MATERIALS PROVIDED: Begin
lemma bilinear_map_on_eps_mu_left:
  "k \<in> H 0 \<Longrightarrow> bilinear_map_on scale (H 0) B (\<lambda>a b. scale (eps (mu 0 a k)) b)"
  using module.scale_left_distrib[OF module] module.scale_right_distrib[OF module]
    module.scale_scale[OF module]
  unfolding bilinear_map_on_def lin_on_def
  by (auto simp: mu_add_left mu_scale_left eps_add eps_scale mu_in_H scale_in_H mult.commute)

lemma bilinear_map_on_eps_mu_right:
  "k \<in> H 0 \<Longrightarrow> bilinear_map_on scale A (H 0) (\<lambda>a b. scale (eps (mu 0 k b)) a)"
  using module.scale_left_distrib[OF module] module.scale_right_distrib[OF module]
    module.scale_scale[OF module]
  unfolding bilinear_map_on_def lin_on_def
  by (auto simp: mu_add_right mu_scale_right eps_add eps_scale mu_in_H scale_in_H mult.commute)

lemma pi_epst:
  assumes h: "h \<in> H 0" and p': "p' = x + p - x"
  shows "pi x p (eps_t p h) = eps_t p' (pi x 0 h)"
proof -
  have D: "set (Delta 0 p (one p)) \<subseteq> H 0 \<times> H p"
    using Delta_in_H[of "one p" 0 p] one_in_H by simp
  have "pi x p (eps_t p h) = (\<Sum>(a,b)\<leftarrow>Delta 0 p (one p). pi x p (scale (eps (mu 0 a h)) b))"
    unfolding epst_def using D by (subst pi_sum_list) (auto intro!: scale_in_H simp: split_def)
  also have "\<dots> = (\<Sum>(a,b)\<leftarrow>map (\<lambda>(a,b). (pi x 0 a, pi x p b)) (Delta 0 p (one p)).
      scale (eps (mu 0 a (pi x 0 h))) b)"
    using D h by (auto simp: pi_scale eps_mu_pi intro!: arg_cong[where f=sum_list] map_cong)
  also have "\<dots> = (\<Sum>(a,b)\<leftarrow>Delta 0 p' (pi x p (one p)). scale (eps (mu 0 a (pi x 0 h))) b)"
    by (rule teq2_sum_bilinear_map[OF vector_space pi_Delta[OF one_in_H] bilinear_map_on_eps_mu_left])
      (use h p' in \<open>auto intro: pi_in_H\<close>)
  also have "\<dots> = eps_t p' (pi x 0 h)"
    unfolding epst_def pi_one[OF p'] ..
  finally show ?thesis .
qed

lemma pi_epss:
  assumes h: "h \<in> H 0" and p': "p' = x + p - x"
  shows "pi x p (eps_s p h) = eps_s p' (pi x 0 h)"
proof -
  have D: "set (Delta p 0 (one p)) \<subseteq> H p \<times> H 0"
    using Delta_in_H[of "one p" p 0] one_in_H by simp
  have "pi x p (eps_s p h) = (\<Sum>(a,b)\<leftarrow>Delta p 0 (one p). pi x p (scale (eps (mu 0 h b)) a))"
    unfolding epss_def using D by (subst pi_sum_list) (auto intro!: scale_in_H simp: split_def)
  also have "\<dots> = (\<Sum>(a,b)\<leftarrow>map (\<lambda>(a,b). (pi x p a, pi x 0 b)) (Delta p 0 (one p)).
      scale (eps (mu 0 (pi x 0 h) b)) a)"
    using D h by (auto simp: pi_scale eps_mu_pi intro!: arg_cong[where f=sum_list] map_cong)
  also have "\<dots> = (\<Sum>(a,b)\<leftarrow>Delta p' 0 (pi x p (one p)). scale (eps (mu 0 (pi x 0 h) b)) a)"
    by (rule teq2_sum_bilinear_map[OF vector_space pi_Delta[OF one_in_H] bilinear_map_on_eps_mu_right])
      (use h p' in \<open>auto intro: pi_in_H\<close>)
  also have "\<dots> = eps_s p' (pi x 0 h)"
    unfolding epss_def pi_one[OF p'] ..
  finally show ?thesis .
qed

lemma teq2_map_pi_fst:
  assumes "teq2 scale (H a) (H b) xs ys" and "a' = p + a - p"
  shows "teq2 scale (H a') (H b) (map (\<lambda>(x,y). (pi p a x, y)) xs) (map (\<lambda>(x,y). (pi p a x, y)) ys)"
  by (rule teq2_map[OF assms(1) pi_lin _ lin_on_id]) (use assms(2) pi_in_H in auto)

abbreviation "H' \<equiv> mirror_H H"
abbreviation "mu' \<equiv> mirror_mu mu"
abbreviation "one' \<equiv> mirror_one one"
abbreviation "Delta' \<equiv> mirror_Delta pi Delta"
abbreviation "S' \<equiv> mirror_S pi S"
abbreviation "pi' \<equiv> mirror_pi pi"
abbreviation "eps_t' \<equiv> epst scale mu' one' Delta' eps"
abbreviation "eps_s' \<equiv> epss scale mu' one' Delta' eps"

lemma mirror_algebra_family: "algebra_family scale H' mu' one'"
  using algebra_family unfolding algebra_family_def mirror_H_def mirror_mu_def mirror_one_def by blast

lemma mirror_eps_linform: "linform_on scale (H' 0) eps"
  using eps_linform by (simp add: mirror_H_def)

lemma mirror_H_add: "H' (p + q) = H ((- q + - p + q) + - q)"
  by (simp add: mirror_H_def index_simps)

lemma mirror_Delta_in_H: "h \<in> H' (p + q) \<Longrightarrow> set (Delta' p q h) \<subseteq> H' p \<times> H' q"
  using Delta_in_H[of h "- q + - p + q" "- q"]
  unfolding mirror_H_add mirror_Delta_def by (auto intro!: pi_in_H simp: mirror_H_def index_simps)

lemma mirror_Delta_add:
  assumes "x \<in> H' (p + q)" and "y \<in> H' (p + q)"
  shows "teq2 scale (H' p) (H' q) (Delta' p q (x + y)) (Delta' p q x @ Delta' p q y)"
  using teq2_map_pi_fst[OF Delta_add[OF assms[unfolded mirror_H_add]], of "- p" q]
  by (simp add: mirror_H_def mirror_Delta_def index_simps)

lemma mirror_Delta_scale:
  assumes "x \<in> H' (p + q)"
  shows "teq2 scale (H' p) (H' q) (Delta' p q (scale c x)) (map (\<lambda>(a,b). (scale c a, b)) (Delta' p q x))"
proof -
  let ?b = "- q + - p + q"
  have x: "x \<in> H (?b + - q)" using assms unfolding mirror_H_add .
  have "teq2 scale (H (- p)) (H (- q)) (Delta' p q (scale c x))
      (map (\<lambda>(a,b). (pi q ?b a, b)) (map (\<lambda>(a,b). (scale c a, b)) (Delta ?b (- q) x)))"
    using teq2_map_pi_fst[OF Delta_scale[OF x], of "- p" q] by (simp add: mirror_Delta_def index_simps)
  also have "map (\<lambda>(a,b). (pi q ?b a, b)) (map (\<lambda>(a,b). (scale c a, b)) (Delta ?b (- q) x)) =
      map (\<lambda>(a,b). (scale c a, b)) (Delta' p q x)"
    using Delta_in_H[OF x] unfolding mirror_Delta_def by (auto simp: pi_scale)
  finally show ?thesis by (simp add: mirror_H_def)
qed

abbreviation pi_triple :: "'g \<Rightarrow> 'g \<Rightarrow> 'g \<Rightarrow> 'h \<times> 'h \<times> 'h \<Rightarrow> 'h \<times> 'h \<times> 'h" where
  "pi_triple p q r \<equiv> \<lambda>(x, y, z). (pi (q + r) (- (q + r) + - p + (q + r)) x, pi r (- r + - q + r) y, z)"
MATERIALS PROVIDED: End
» **YOUR OBJECTIVE**
Each line from the top of the material above through the line with "(\<Sum>(a,b)\<leftarrow>Delta 0 p'" must be echoed exactly, and no other line.

» **RESULT**
lemma bilinear_map_on_eps_mu_left:
  "k \<in> H 0 \<Longrightarrow> bilinear_map_on scale (H 0) B (\<lambda>a b. scale (eps (mu 0 a k)) b)"
  using module.scale_left_distrib[OF module] module.scale_right_distrib[OF module]
    module.scale_scale[OF module]
  unfolding bilinear_map_on_def lin_on_def
  by (auto simp: mu_add_left mu_scale_left eps_add eps_scale mu_in_H scale_in_H mult.commute)

lemma bilinear_map_on_eps_mu_right:
  "k \<in> H 0 \<Longrightarrow> bilinear_map_on scale A (H 0) (\<lambda>a b. scale (eps (mu 0 k b)) a)"
  using module.scale_left_distrib[OF module] module.scale_right_distrib[OF module]
    module.scale_scale[OF module]
  unfolding bilinear_map_on_def lin_on_def
  by (auto simp: mu_add_right mu_scale_right eps_add eps_scale mu_in_H scale_in_H mult.commute)

lemma pi_epst:
  assumes h: "h \<in> H 0" and p': "p' = x + p - x"
  shows "pi x p (eps_t p h) = eps_t p' (pi x 0 h)"
proof -
  have D: "set (Delta 0 p (one p)) \<subseteq> H 0 \<times> H p"
    using Delta_in_H[of "one p" 0 p] one_in_H by simp
  have "pi x p (eps_t p h) = (\<Sum>(a,b)\<leftarrow>Delta 0 p (one p). pi x p (scale (eps (mu 0 a h)) b))"
    unfolding epst_def using D by (subst pi_sum_list) (auto intro!: scale_in_H simp: split_def)
  also have "\<dots> = (\<Sum>(a,b)\<leftarrow>map (\<lambda>(a,b). (pi x 0 a, pi x p b)) (Delta 0 p (one p)).
      scale (eps (mu 0 a (pi x 0 h))) b)"
    using D h by (auto simp: pi_scale eps_mu_pi intro!: arg_cong[where f=sum_list] map_cong)
  also have "\<dots> = (\<Sum>(a,b)\<leftarrow>Delta 0 p' (pi x p (one p)). scale (eps (mu 0 a (pi x 0 h))) b)"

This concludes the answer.